### [Problem statement]
Read through the records below and copy each line that uses the word "also".

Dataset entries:

----------

lemma abs_gauss_exp_le:
  fixes u :: "real \<Rightarrow> real"
  assumes "u \<in> borel_measurable borel" and growth: "\<And>x. \<bar>u x\<bar> \<le> B + C * x\<^sup>2"
  shows "\<bar>gauss_exp u\<bar> \<le> B + C"
proof -
  have moments: "integrable lborel (\<lambda>x. std_normal_density x * x ^ k)"
      "(\<integral>x. std_normal_density x * x ^ (2 * j) \<partial>lborel) = fact (2 * j) / (2 ^ j * fact j)" for k j
    by (rule integrable_std_normal_moment, rule integral_std_normal_moment_even)
  have "\<bar>gauss_exp u\<bar> \<le> (\<integral>x. B * std_normal_density x + C * (std_normal_density x * x\<^sup>2) \<partial>lborel)"
    unfolding gauss_exp_def
  proof (rule integral_abs_bound_integral[OF integrable_std_normal_quadratic_growth[OF assms]])
    show "integrable lborel (\<lambda>x. B * std_normal_density x + C * (std_normal_density x * x\<^sup>2))"
      using moments(1)[of 0] moments(1)[of 2] by simp
    fix x
    have "\<bar>std_normal_density x * u x\<bar> \<le> std_normal_density x * (B + C * x\<^sup>2)"
      by (simp add: abs_mult mult_left_mono growth)
    then show "\<bar>std_normal_density x * u x\<bar> \<le> B * std_normal_density x + C * (std_normal_density x * x\<^sup>2)"
      by (simp add: algebra_simps)
  qed
  also have "\<dots> = B + C"
    using moments(1)[of 0] moments(1)[of 2] moments(2)[of 0] moments(2)[of 1] by simp
  finally show ?thesis .
qed

lemma gauss_exp_diff:
  assumes "integrable lborel (\<lambda>x. std_normal_density x * u x)"
    and "integrable lborel (\<lambda>x. std_normal_density x * w x)"
  shows "gauss_exp u - gauss_exp w = gauss_exp (\<lambda>x. u x - w x)"
  unfolding gauss_exp_def using Bochner_Integration.integral_diff[OF assms]
  by (simp add: algebra_simps)

lemma gauss_exp_rescale_diff_le:
  fixes g g' :: "real \<Rightarrow> real"
  assumes deriv: "\<And>x. (g has_real_derivative g' x) (at x)"
    and lipschitz: "\<And>x y. \<bar>g' x - g' y\<bar> \<le> M * \<bar>x - y\<bar>"
    and bounded: "\<And>x. \<bar>g x\<bar> \<le> B"
    and "0 \<le> s" "0 \<le> s'"
  shows "\<bar>gauss_exp (\<lambda>x. g (s * x + h)) - gauss_exp (\<lambda>x. g (s' * x + h))\<bar> \<le> M * \<bar>s\<^sup>2 - s'\<^sup>2\<bar>"
proof -
  have "g \<in> borel_measurable borel" by (rule borel_measurable_if_has_real_derivative[OF deriv])
  then have meas: "(\<lambda>x. g (a * x + h)) \<in> borel_measurable borel" for a
    by measurable
  have integrable: "integrable lborel (\<lambda>x. std_normal_density x * g (a * x + h))" for a
    by (rule integrable_std_normal_quadratic_growth[OF meas, where B=B and C=0]) (simp add: bounded)
  define c where "c = (s - s') * g' h"
  define w where "w x = g (s * x + h) - g (s' * x + h) - c * x" for x
  have w_meas: "w \<in> borel_measurable borel" unfolding w_def using meas by measurable
  have w_bound: "\<bar>w x\<bar> \<le> 0 + M * \<bar>s\<^sup>2 - s'\<^sup>2\<bar> * x\<^sup>2" for x
  proof -
    have "\<bar>w x\<bar> \<le> M * \<bar>(s * x)\<^sup>2 - (s' * x)\<^sup>2\<bar>"
      using first_order_remainder_diff_le[OF deriv lipschitz, of "s * x" "s' * x" h] \<open>0 \<le> s\<close> \<open>0 \<le> s'\<close>
      by (simp add: w_def c_def algebra_simps)
    also have "\<dots> = M * \<bar>s\<^sup>2 - s'\<^sup>2\<bar> * x\<^sup>2"
      by (simp add: power_mult_distrib abs_mult left_diff_distrib[symmetric])
    finally show ?thesis by simp
  qed
  \<comment> \<open>the first-order term drops out because the Gaussian is centred\<close>
  have "(\<lambda>x. std_normal_density x * (g (s * x + h) - g (s' * x + h)))
      = (\<lambda>x. std_normal_density x * w x + c * (std_normal_density x * x ^ 1))"
    by (auto simp: w_def algebra_simps)
  then have "gauss_exp (\<lambda>x. g (s * x + h)) - gauss_exp (\<lambda>x. g (s' * x + h))
      = gauss_exp w + c * (\<integral>x. std_normal_density x * x ^ 1 \<partial>lborel)"
    unfolding gauss_exp_diff[OF integrable integrable]
    using Bochner_Integration.integral_add[OF integrable_std_normal_quadratic_growth[OF w_meas w_bound]
          Bochner_Integration.integrable_mult_right[OF integrable_std_normal_moment[of 1]], of c]
    by (simp add: gauss_exp_def)
  also have "\<dots> = gauss_exp w"
    using integral_std_normal_moment_odd[of 0] by simp
  finally show ?thesis
    using abs_gauss_exp_le[OF w_meas w_bound] by simp
qed

definition regular_integrand :: "real \<Rightarrow> (real \<Rightarrow> real \<Rightarrow> real) \<Rightarrow> bool" where
  "regular_integrand L F \<longleftrightarrow>
     (\<exists>B. \<forall>t e. \<bar>F t e\<bar> \<le> B) \<and>
     (\<forall>t e e'. \<bar>F t e - F t e'\<bar> \<le> L * \<bar>e - e'\<bar>) \<and>
     (\<exists>F'. (\<forall>t e. ((\<lambda>t. F t e) has_real_derivative F' t e) (at t)) \<and>
           (\<forall>t t' e. \<bar>F' t e - F' t' e\<bar> \<le> L * \<bar>t - t'\<bar>))"

lemma regular_integrandI:
  fixes F :: "real \<Rightarrow> real \<Rightarrow> real"
  assumes "\<And>t e. \<bar>F t e\<bar> \<le> B"
    and deriv_e: "\<And>t e. ((\<lambda>e. F t e) has_real_derivative F\<^sub>e t e) (at e)"
    and "\<And>t e. \<bar>F\<^sub>e t e\<bar> \<le> L"
    and "\<And>t e. ((\<lambda>t. F t e) has_real_derivative F\<^sub>t t e) (at t)"
    and deriv_tt: "\<And>t e. ((\<lambda>t. F\<^sub>t t e) has_real_derivative F\<^sub>t\<^sub>t t e) (at t)"
    and "\<And>t e. \<bar>F\<^sub>t\<^sub>t t e\<bar> \<le> L"
  shows "regular_integrand L F"
proof -
  have "\<bar>F t e - F t e'\<bar> \<le> L * \<bar>e - e'\<bar>" for t e e'
    using field_differentiable_bound[of UNIV "F t" "F\<^sub>e t" L e e'] deriv_e assms(3)
    by (simp add: has_field_derivative_at_within)
  moreover have "\<bar>F\<^sub>t t e - F\<^sub>t t' e\<bar> \<le> L * \<bar>t - t'\<bar>" for t t' e
    using field_differentiable_bound[of UNIV "\<lambda>t. F\<^sub>t t e" "\<lambda>t. F\<^sub>t\<^sub>t t e" L t t'] deriv_tt assms(6)
    by (simp add: has_field_derivative_at_within)
  ultimately show ?thesis
    unfolding regular_integrand_def using assms(1,4) by blast
qed

lemma gauss_exp_regular_integrand_diff_le:
  assumes "regular_integrand L F" and "0 \<le> s" "0 \<le> s'"
  shows "\<bar>gauss_exp (\<lambda>x. F (s * x + h) e) - gauss_exp (\<lambda>x. F (s' * x + h) e')\<bar>
           \<le> L * \<bar>e - e'\<bar> + L * \<bar>s\<^sup>2 - s'\<^sup>2\<bar>"
proof -
  obtain B F' where bounded: "\<And>t e. \<bar>F t e\<bar> \<le> B"
    and lipschitz_e: "\<And>t e e'. \<bar>F t e - F t e'\<bar> \<le> L * \<bar>e - e'\<bar>"
    and deriv: "\<And>t e. ((\<lambda>t. F t e) has_real_derivative F' t e) (at t)"
    and lipschitz_t: "\<And>t t' e. \<bar>F' t e - F' t' e\<bar> \<le> L * \<bar>t - t'\<bar>"
    using assms(1) unfolding regular_integrand_def by blast
  have "(\<lambda>t. F t e) \<in> borel_measurable borel" for e
    by (rule borel_measurable_if_has_real_derivative[OF deriv])
  then have meas: "(\<lambda>x. F (s * x + h) e) \<in> borel_measurable borel" for e
    by measurable
  have integrable: "integrable lborel (\<lambda>x. std_normal_density x * F (s * x + h) e)" for e
    by (rule integrable_std_normal_quadratic_growth[OF meas, where B=B and C=0]) (simp add: bounded)
  have "\<bar>gauss_exp (\<lambda>x. F (s * x + h) e) - gauss_exp (\<lambda>x. F (s * x + h) e')\<bar> \<le> L * \<bar>e - e'\<bar> + 0"
    unfolding gauss_exp_diff[OF integrable integrable]
    by (rule abs_gauss_exp_le) (use meas lipschitz_e in auto)
  moreover have "\<bar>gauss_exp (\<lambda>x. F (s * x + h) e') - gauss_exp (\<lambda>x. F (s' * x + h) e')\<bar>
      \<le> L * \<bar>s\<^sup>2 - s'\<^sup>2\<bar>"
    by (rule gauss_exp_rescale_diff_le[OF deriv lipschitz_t bounded assms(2,3)])
  ultimately show ?thesis by linarith
qed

----------

### [The answer]
  also have "\<dots> = B + C"
    also have "\<dots> = M * \<bar>s\<^sup>2 - s'\<^sup>2\<bar> * x\<^sup>2"
  also have "\<dots> = gauss_exp w"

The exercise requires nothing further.